For some people, telehealth, like me, for example, has meant that it’s so much easier to get to an appointment. I don’t have to rely on my husband or expensive transport to get there. I can just do it from the comfort of my own home.

For others, for example in the autistic community, it’s been a struggle. I did a story on women who were unable to continue with psychology appointments because they simply couldn’t tell the difference between home life and the psychology appointment. All of a sudden that psychology appointment had entered their living room.

I guess I want to say that I’m not sharing these stories to put anyone in a naughty corner or to make anyone feel bad, I’m also incredibly supportive and grateful to the medical profession and wholeheartedly believe in everything that you do.

I think what I want to really get across is that everyone is unique. We all have very individual needs and we should be treated in that way.

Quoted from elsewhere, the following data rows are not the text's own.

(* Let $n\ge1$, $r\ge1$, $R\subseteq\{1,\dots,n-1\}$ and $\sigma\in S_n$. Then $$(q_r;q_r)_n\sum_{\substack{Z\in(\mathbb{N}^r)^n\\ \sigma_R(Z)=\sigma}} q^Z=\sum_{S\in(\mathbb{N}^{r-1})^n} q_r^{\mathrm{Comaj}_{R,S}(\sigma)}q^S=\sum_{S\in(\mathbb{N}^{r-1})^n} q^{Z_{R,\sigma}(S)}.$$
   Context: $\mathbb{N}=\{0,1,\dots\}$; sequences in $\mathbb{N}^r$ are compared lexicographically. $(q;t)_r=(1-q)(1-qt)\cdots(1-qt^{r-1})$. For $R\subseteq\{1,\dots,n-1\}$ and distinct $a,b\in\{1,\dots,n\}$, write $a\sim_R b$ if all of $\min(a,b),\dots,\max(a,b)-1$ lie in $R$. For $S=(s^1,\dots,s^n)\in(\mathbb{N}^{r'})^n$, index $i$ is read before $j$ if $s^i<s^j$, or $s^i=s^j$ and either ($i<j$ and not $i\sim_R j$) or ($i>j$ and $i\sim_R j$); $\sigma_R(S)\in S_n$ lists the indices in this reading order. For $Z\in(\mathbb{N}^{r'})^n$, $q^Z=\prod_{i=1}^{r'} q_{r'-i+1}^{z^1_i+\cdots+z^n_i}$. For $S\in(\mathbb{N}^{r'})^n$ (if $r'=0$, all $s^i$ are empty and equal) and $\sigma\in S_n$, $\mathrm{Des}_{R,S}(\sigma)$ is the set of $i\in\{1,\dots,n-1\}$ with either $s^{\sigma_i}>s^{\sigma_{i+1}}$, or $s^{\sigma_i}=s^{\sigma_{i+1}}$ and either ($\sigma_{i+1}<\sigma_i$ and not $\sigma_{i+1}\sim_R\sigma_i$) or ($\sigma_{i+1}>\sigma_i$ and $\sigma_i\sim_R\sigma_{i+1}$); $\mathrm{Comaj}_{R,S}(\sigma)=\sum_{i\in\mathrm{Des}_{R,S}(\sigma)}(n-i)$. $Z_{R,\sigma}(S)\in(\mathbb{N}^{r'+1})^n$ prepends to each $s^j$ a first coordinate $z^j_1$, where $z^{\sigma_i}_1=\#\{j<i:j\in\mathrm{Des}_{R,S}(\sigma)\}$. *)

theory Defs
  imports "HOL-Analysis.Analysis" "HOL-Combinatorics.Permutations"
begin

text \<open>Indices run over {1..n}. An element S of (N^r')^n is a function
  S :: nat => nat list with S j a list of length r' for j in {1..n}
  (coordinate i of s^j is S j ! (i-1)) and S j = [] outside {1..n}.\<close>

definition tuples :: "nat \<Rightarrow> nat \<Rightarrow> (nat \<Rightarrow> nat list) set" where
  "tuples n r' = {S. (\<forall>j\<in>{1..n}. length (S j) = r') \<and> (\<forall>j. j \<notin> {1..n} \<longrightarrow> S j = [])}"

definition lexless :: "nat list \<Rightarrow> nat list \<Rightarrow> bool" where
  "lexless xs ys \<longleftrightarrow> (\<exists>k < min (length xs) (length ys).
      take k xs = take k ys \<and> xs ! k < ys ! k)"

definition simR :: "nat set \<Rightarrow> nat \<Rightarrow> nat \<Rightarrow> bool" where
  "simR R a b \<longleftrightarrow> a \<noteq> b \<and> (\<forall>k. min a b \<le> k \<and> k < max a b \<longrightarrow> k \<in> R)"

definition read_before :: "nat set \<Rightarrow> (nat \<Rightarrow> nat list) \<Rightarrow> nat \<Rightarrow> nat \<Rightarrow> bool" where
  "read_before R S i j \<longleftrightarrow> lexless (S i) (S j) \<or>
     (S i = S j \<and> ((i < j \<and> \<not> simR R i j) \<or> (i > j \<and> simR R i j)))"

text \<open>sigma_R(S) as a function i |-> sigma_i: the i-th index in reading order
  is the one preceded by exactly i-1 indices; identity outside {1..n}.\<close>
definition sigmaR :: "nat \<Rightarrow> nat set \<Rightarrow> (nat \<Rightarrow> nat list) \<Rightarrow> nat \<Rightarrow> nat" where
  "sigmaR n R S = (\<lambda>i. if i \<in> {1..n}
      then (THE j. j \<in> {1..n} \<and> card {k \<in> {1..n}. read_before R S k j} = i - 1)
      else i)"

definition qmon :: "nat \<Rightarrow> nat \<Rightarrow> (nat \<Rightarrow> real) \<Rightarrow> (nat \<Rightarrow> nat list) \<Rightarrow> real" where
  "qmon n r' q Z = (\<Prod>i\<in>{1..r'}. q (r' - i + 1) ^ (\<Sum>j\<in>{1..n}. Z j ! (i - 1)))"

definition qpoch :: "real \<Rightarrow> real \<Rightarrow> nat \<Rightarrow> real" where
  "qpoch a t m = (\<Prod>k<m. 1 - a * t ^ k)"

definition DesRS :: "nat \<Rightarrow> nat set \<Rightarrow> (nat \<Rightarrow> nat list) \<Rightarrow> (nat \<Rightarrow> nat) \<Rightarrow> nat set" where
  "DesRS n R S \<sigma> = {i \<in> {1..n-1}.
      lexless (S (\<sigma> (i+1))) (S (\<sigma> i)) \<or>
      (S (\<sigma> i) = S (\<sigma> (i+1)) \<and>
        ((\<sigma> (i+1) < \<sigma> i \<and> \<not> simR R (\<sigma> (i+1)) (\<sigma> i)) \<or>
         (\<sigma> (i+1) > \<sigma> i \<and> simR R (\<sigma> i) (\<sigma> (i+1)))))}"

definition ComajRS :: "nat \<Rightarrow> nat set \<Rightarrow> (nat \<Rightarrow> nat list) \<Rightarrow> (nat \<Rightarrow> nat) \<Rightarrow> nat" where
  "ComajRS n R S \<sigma> = (\<Sum>i\<in>DesRS n R S \<sigma>. n - i)"

definition ZRsigma :: "nat \<Rightarrow> nat set \<Rightarrow> (nat \<Rightarrow> nat) \<Rightarrow> (nat \<Rightarrow> nat list) \<Rightarrow> nat \<Rightarrow> nat list" where
  "ZRsigma n R \<sigma> S = (\<lambda>j. if j \<in> {1..n}
      then card {k \<in> DesRS n R S \<sigma>. k < (THE i. i \<in> {1..n} \<and> \<sigma> i = j)} # S j
      else [])"

end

We’re individuals that all have a very unique perspective and you should include us in our own care and not just talk to our carers and family members. If we don’t communicate in traditional ways, if we’re non-verbal, if we don’t communicate through written or spoken language, find a way to communicate with us.

There is always a way.

Thank you very much for having me here today. It’s an absolute pleasure to come and share some of my personal and professional experience with you.

I look forward to hearing some of the words you’ve come up with and also some of the questions that you might have around healthcare. I really support and believe in everything you do. This session is really about helping you all become better practitioners so that you can serve people living with disability.

There are 4.4 million of us in Australia. If you don’t cater your services to suit us, that’s 20% of the population that you are under serving. That’s a travesty.

Thank you very much. And I look forward to continuing the conversation.

– (Gillian) Thanks so much Nas for sharing those stories, your own and others. Your reporting on the Disability Royal Commission is going to give us so much to think about.

 

You were talking about communication, needing to be accessible in healthcare. Communication in general about health issues needs to be accessible to everyone in the media. I think the lack of representation of disabled people having lives and not only being inspirational stories or someone to pity with a terrible thing going on, is a big part of why as health professionals we are not prompted to think about people’s access needs.

 

So, this session is not at all supposed to be an us vs you, or us vs them situation. It’s just talking about how we can make sure that we actually remember that people have different needs, so then we provide great health care.

 

Nas Campanella

Nas Campanella is the ABC’s Disability Affairs Reporter. Nas is totally blind and lives with a neurological condition called Charcot-Marie-Tooth (CMT) which means she can’t read Braille. After completing a Communications degree at the University of Technology Sydney, majoring in journalism she started with the ABC as a cadet. Nas has worked as a regional reporter in south eastern New South Wales and then as a triple j newsreader for seven years. In taking on this role, Nas became the first blind newsreader in the world to read and operate the studio for herself live to air. In 2020 she was appointed to the senior national Disability Affairs role.